- _Work to be completed_
Take the records below from their first line to the line with "fix i assume", and restate those lines word for word.

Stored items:
--------------------------------
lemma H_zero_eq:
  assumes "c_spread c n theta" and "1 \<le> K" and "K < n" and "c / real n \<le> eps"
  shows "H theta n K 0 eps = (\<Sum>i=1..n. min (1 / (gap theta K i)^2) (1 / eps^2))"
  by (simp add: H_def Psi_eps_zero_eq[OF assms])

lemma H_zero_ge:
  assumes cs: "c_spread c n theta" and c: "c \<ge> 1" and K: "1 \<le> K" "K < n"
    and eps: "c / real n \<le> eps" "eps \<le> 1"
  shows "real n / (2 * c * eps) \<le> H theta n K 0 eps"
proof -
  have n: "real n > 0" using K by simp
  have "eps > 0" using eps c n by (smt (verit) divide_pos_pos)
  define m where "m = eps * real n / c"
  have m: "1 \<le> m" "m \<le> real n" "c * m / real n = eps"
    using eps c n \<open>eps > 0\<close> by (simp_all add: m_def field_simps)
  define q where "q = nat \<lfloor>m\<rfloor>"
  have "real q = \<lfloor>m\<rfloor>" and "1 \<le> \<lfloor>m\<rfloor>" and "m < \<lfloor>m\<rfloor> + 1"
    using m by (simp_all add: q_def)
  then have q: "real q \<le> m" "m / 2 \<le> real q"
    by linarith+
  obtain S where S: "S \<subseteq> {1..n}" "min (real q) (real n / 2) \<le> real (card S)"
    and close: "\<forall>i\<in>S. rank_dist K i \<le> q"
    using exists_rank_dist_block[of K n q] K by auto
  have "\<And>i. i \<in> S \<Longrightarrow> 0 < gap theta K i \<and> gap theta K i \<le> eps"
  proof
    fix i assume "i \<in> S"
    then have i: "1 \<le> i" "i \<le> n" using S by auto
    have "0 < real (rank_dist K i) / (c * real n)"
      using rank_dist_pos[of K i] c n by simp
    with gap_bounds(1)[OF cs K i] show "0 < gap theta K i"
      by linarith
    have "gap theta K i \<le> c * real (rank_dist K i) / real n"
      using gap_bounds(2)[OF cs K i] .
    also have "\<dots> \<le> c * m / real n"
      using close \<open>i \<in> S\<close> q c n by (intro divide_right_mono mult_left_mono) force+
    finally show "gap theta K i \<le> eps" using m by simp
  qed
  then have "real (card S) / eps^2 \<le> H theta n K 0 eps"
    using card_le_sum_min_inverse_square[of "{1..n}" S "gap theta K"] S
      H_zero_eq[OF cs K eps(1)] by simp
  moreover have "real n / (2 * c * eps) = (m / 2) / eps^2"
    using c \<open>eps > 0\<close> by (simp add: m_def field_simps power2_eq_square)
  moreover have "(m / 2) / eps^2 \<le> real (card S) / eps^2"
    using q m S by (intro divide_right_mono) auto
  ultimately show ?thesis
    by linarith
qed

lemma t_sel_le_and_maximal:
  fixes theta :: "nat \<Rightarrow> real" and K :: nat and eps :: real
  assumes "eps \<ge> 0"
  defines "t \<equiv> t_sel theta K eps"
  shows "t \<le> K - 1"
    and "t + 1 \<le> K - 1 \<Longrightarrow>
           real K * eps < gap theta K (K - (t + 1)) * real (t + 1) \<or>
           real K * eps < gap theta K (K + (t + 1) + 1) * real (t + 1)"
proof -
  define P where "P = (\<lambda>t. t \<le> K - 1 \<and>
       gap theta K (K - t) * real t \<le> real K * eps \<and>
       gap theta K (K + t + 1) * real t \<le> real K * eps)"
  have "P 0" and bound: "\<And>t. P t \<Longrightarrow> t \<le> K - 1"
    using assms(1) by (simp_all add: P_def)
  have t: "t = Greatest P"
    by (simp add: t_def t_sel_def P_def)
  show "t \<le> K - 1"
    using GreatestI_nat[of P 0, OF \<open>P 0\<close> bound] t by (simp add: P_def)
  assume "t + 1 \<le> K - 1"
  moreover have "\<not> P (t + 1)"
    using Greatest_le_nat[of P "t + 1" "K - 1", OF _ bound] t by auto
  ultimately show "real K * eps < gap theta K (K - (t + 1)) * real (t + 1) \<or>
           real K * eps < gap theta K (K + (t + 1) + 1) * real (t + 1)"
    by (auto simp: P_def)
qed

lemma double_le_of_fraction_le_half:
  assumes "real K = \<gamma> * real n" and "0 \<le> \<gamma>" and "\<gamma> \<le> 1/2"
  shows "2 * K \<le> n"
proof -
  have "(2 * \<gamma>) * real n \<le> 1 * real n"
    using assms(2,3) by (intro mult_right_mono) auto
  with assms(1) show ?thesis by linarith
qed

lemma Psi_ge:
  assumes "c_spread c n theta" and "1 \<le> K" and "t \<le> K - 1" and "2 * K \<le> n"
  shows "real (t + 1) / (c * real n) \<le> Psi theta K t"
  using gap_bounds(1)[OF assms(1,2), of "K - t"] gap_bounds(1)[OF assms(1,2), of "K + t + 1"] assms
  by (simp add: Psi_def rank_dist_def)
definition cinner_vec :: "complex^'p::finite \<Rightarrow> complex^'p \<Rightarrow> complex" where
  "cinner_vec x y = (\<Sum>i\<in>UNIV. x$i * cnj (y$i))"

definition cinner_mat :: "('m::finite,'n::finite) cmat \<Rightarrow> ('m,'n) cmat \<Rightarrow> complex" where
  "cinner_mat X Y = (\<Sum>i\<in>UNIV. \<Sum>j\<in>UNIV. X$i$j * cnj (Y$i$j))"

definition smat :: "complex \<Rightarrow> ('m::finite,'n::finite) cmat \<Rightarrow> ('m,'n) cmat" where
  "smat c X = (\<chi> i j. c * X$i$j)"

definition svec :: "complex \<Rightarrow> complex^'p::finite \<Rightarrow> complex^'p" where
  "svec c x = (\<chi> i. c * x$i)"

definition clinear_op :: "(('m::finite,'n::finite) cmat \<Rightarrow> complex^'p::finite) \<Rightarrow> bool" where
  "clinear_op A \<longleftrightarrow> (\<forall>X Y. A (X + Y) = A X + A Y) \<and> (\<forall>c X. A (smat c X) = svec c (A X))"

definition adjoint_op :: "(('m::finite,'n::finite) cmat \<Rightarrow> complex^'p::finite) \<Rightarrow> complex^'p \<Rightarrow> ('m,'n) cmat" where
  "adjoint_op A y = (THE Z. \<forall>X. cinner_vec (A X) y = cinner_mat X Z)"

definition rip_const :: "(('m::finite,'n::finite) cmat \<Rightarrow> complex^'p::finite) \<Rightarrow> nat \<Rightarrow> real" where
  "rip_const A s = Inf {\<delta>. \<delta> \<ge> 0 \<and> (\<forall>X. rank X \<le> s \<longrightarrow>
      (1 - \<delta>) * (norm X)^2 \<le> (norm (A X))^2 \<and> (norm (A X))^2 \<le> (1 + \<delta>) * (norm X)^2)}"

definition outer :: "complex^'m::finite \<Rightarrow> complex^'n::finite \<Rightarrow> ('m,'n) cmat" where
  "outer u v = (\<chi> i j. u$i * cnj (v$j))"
--------------------------------
- _Answer for this exercise_
lemma H_zero_eq:
  assumes "c_spread c n theta" and "1 \<le> K" and "K < n" and "c / real n \<le> eps"
  shows "H theta n K 0 eps = (\<Sum>i=1..n. min (1 / (gap theta K i)^2) (1 / eps^2))"
  by (simp add: H_def Psi_eps_zero_eq[OF assms])

lemma H_zero_ge:
  assumes cs: "c_spread c n theta" and c: "c \<ge> 1" and K: "1 \<le> K" "K < n"
    and eps: "c / real n \<le> eps" "eps \<le> 1"
  shows "real n / (2 * c * eps) \<le> H theta n K 0 eps"
proof -
  have n: "real n > 0" using K by simp
  have "eps > 0" using eps c n by (smt (verit) divide_pos_pos)
  define m where "m = eps * real n / c"
  have m: "1 \<le> m" "m \<le> real n" "c * m / real n = eps"
    using eps c n \<open>eps > 0\<close> by (simp_all add: m_def field_simps)
  define q where "q = nat \<lfloor>m\<rfloor>"
  have "real q = \<lfloor>m\<rfloor>" and "1 \<le> \<lfloor>m\<rfloor>" and "m < \<lfloor>m\<rfloor> + 1"
    using m by (simp_all add: q_def)
  then have q: "real q \<le> m" "m / 2 \<le> real q"
    by linarith+
  obtain S where S: "S \<subseteq> {1..n}" "min (real q) (real n / 2) \<le> real (card S)"
    and close: "\<forall>i\<in>S. rank_dist K i \<le> q"
    using exists_rank_dist_block[of K n q] K by auto
  have "\<And>i. i \<in> S \<Longrightarrow> 0 < gap theta K i \<and> gap theta K i \<le> eps"
  proof
    fix i assume "i \<in> S"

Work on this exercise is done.